Our hobbyist feature is back in business! This week, I bring you the most adorable submission yet: Angie Cloutier, an elections database programmer in Yavapai County, Arizona. But we’re also featuring — and this will make more sense later — her Aunt Dibbie.

Since Angie and her husband bought their house in 2010, they have been going all out on holiday decorations, with a really admirable level of community energy.

“We started with Halloween and Christmas, then added other holidays like St. Patrick’s Day and July 4th as we went along,” she said. “To my surprise, my husband really wanted to help. So, I would come up with these elaborate themes and ideas, and he would use his technological and carpentry skills to make it happen.”

When Angie was young, her Aunt Dibbie would throw massive holiday parties for all of the kids in her family. She said that as a child of a single mother who didn’t want to make the holidays a big deal, she cherished those parties. “She would get dressed up, go all out decorating and making up games, and really make a big deal of it,” she said. “I think she liked the idea of giving us kids a sense of community.”
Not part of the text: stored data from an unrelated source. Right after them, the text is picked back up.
lemma blockpos_add:
  "blockpos T \<omega> (k + int m) = blockpos T \<omega> k + int (length (substw T (win \<omega> k m)))"
proof (induction m)
  case (Suc m)
  have "k + int (Suc m) = (k + int m) + 1" by simp
  then have "blockpos T \<omega> (k + int (Suc m)) = blockpos T \<omega> ((k + int m) + 1)" by (simp only:)
  also have "\<dots> = blockpos T \<omega> (k + int m) + int (length (T (\<omega> (k + int m))))"
    by (rule blockpos_succ)
  finally show ?case using Suc by (simp add: win_Suc substw_Cons)
qed (simp add: win_def)

lemma blockpos_strict_mono:
  assumes ne: "\<forall>a. T a \<noteq> []" and "k < k'"
  shows "blockpos T \<omega> k < blockpos T \<omega> k'"
proof -
  define m where "m = nat (k' - k)"
  have k': "k' = k + int m" "0 < m" using assms m_def by auto
  have "int m \<le> int (length (substw T (win \<omega> k m)))"
    using length_substw_ge[OF ne, of "win \<omega> k m"] by simp
  moreover have "blockpos T \<omega> k' = blockpos T \<omega> k + int (length (substw T (win \<omega> k m)))"
    using blockpos_add[of T \<omega> k m] k'(1) by simp
  ultimately show ?thesis using k'(2) by linarith
qed

lemma blockpos_mono: "\<forall>a. T a \<noteq> [] \<Longrightarrow> k \<le> k' \<Longrightarrow> blockpos T \<omega> k \<le> blockpos T \<omega> k'"
  by (metis blockpos_strict_mono order_le_less)

lemma blockpos_cover:
  assumes ne: "\<forall>a. T a \<noteq> []"
  shows "\<exists>k. blockpos T \<omega> k \<le> n \<and> n < blockpos T \<omega> (k + 1)"
proof (induction n rule: int_induct[where k=0])
  case base
  have "0 < blockpos T \<omega> 1" using blockpos_strict_mono[OF ne, of 0 1] by simp
  then show ?case by (intro exI[of _ 0]) simp
next
  case (step1 i)
  then obtain k where k: "blockpos T \<omega> k \<le> i" "i < blockpos T \<omega> (k + 1)" by blast
  show ?case
  proof (cases "i + 1 < blockpos T \<omega> (k + 1)")
    case True then show ?thesis using k by (intro exI[of _ k]) simp
  next
    case False
    then have "i + 1 = blockpos T \<omega> (k + 1)" using k by simp
    moreover have "blockpos T \<omega> (k + 1) < blockpos T \<omega> (k + 1 + 1)"
      using blockpos_strict_mono[OF ne] by simp
    ultimately show ?thesis by (intro exI[of _ "k + 1"]) simp
  qed
next
  case (step2 i)
  then obtain k where k: "blockpos T \<omega> k \<le> i" "i < blockpos T \<omega> (k + 1)" by blast
  show ?case
  proof (cases "blockpos T \<omega> k \<le> i - 1")
    case True then show ?thesis using k by (intro exI[of _ k]) simp
  next
    case False
    then have "i = blockpos T \<omega> k" using k by simp
    moreover have "blockpos T \<omega> (k - 1) < blockpos T \<omega> k" using blockpos_strict_mono[OF ne] by simp
    ultimately show ?thesis by (intro exI[of _ "k - 1"]) simp
  qed
qed

lemma blockpos_cover_unique:
  assumes ne: "\<forall>a. T a \<noteq> []"
    and "blockpos T \<omega> k \<le> n" "n < blockpos T \<omega> (k + 1)"
    and "blockpos T \<omega> k' \<le> n" "n < blockpos T \<omega> (k' + 1)"
  shows "k = k'"
proof (rule ccontr)
  assume "k \<noteq> k'"
  then have "k + 1 \<le> k' \<or> k' + 1 \<le> k" by linarith
  then show False
    using blockpos_mono[OF ne, of "k + 1" k' \<omega>] blockpos_mono[OF ne, of "k' + 1" k \<omega>] assms by auto
qed

definition is_substc :: "('a \<Rightarrow> 'a list) \<Rightarrow> 'a config \<Rightarrow> 'a config \<Rightarrow> bool" where
  "is_substc T \<omega> \<sigma> \<longleftrightarrow>
     (\<forall>k. \<forall>j < length (T (\<omega> k)). \<sigma> (blockpos T \<omega> k + int j) = T (\<omega> k) ! j)"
When Angie was 10 years old, her Aunt Dibbie passed away of diabetes complications. Angie’s passion for decorating is, in part, in honor of her.

Angie’s neighbors always enjoyed the decorations, but in 2020 the festivities garnered even more appreciation. People knocked on the door to tell them it had been the highlight of their day; one person left a sticky note of thanks.

“The outpouring of love and the happiness it causes others was just overwhelming,” she said. “That was when I knew I had to keep it going all year long. If this one small thing of decorating our home can bring joy to people year-round, especially during the pandemic, then we are all about it. I hope in some small way, we are creating a little bit of that sense of community my Aunt Dibbie instilled in us as kids.”

Last year, they faced the reality of a pandemic Halloween, they came up with a plan: She and her husband bought a “TON” of candy, and when October rolled around they set up a trick-or-treat drive-through and advertised it all month with a sign. Her kids put on masks and gloves and filled 200 bags with candy. They picked an Old West theme so that bandanas and gloves could be integrated into their costumes.

“People were so kind and thankful, and it made us happy to know that we could create a safe, Happy Halloween for neighborhood kids, the way my Aunt did when I was little.”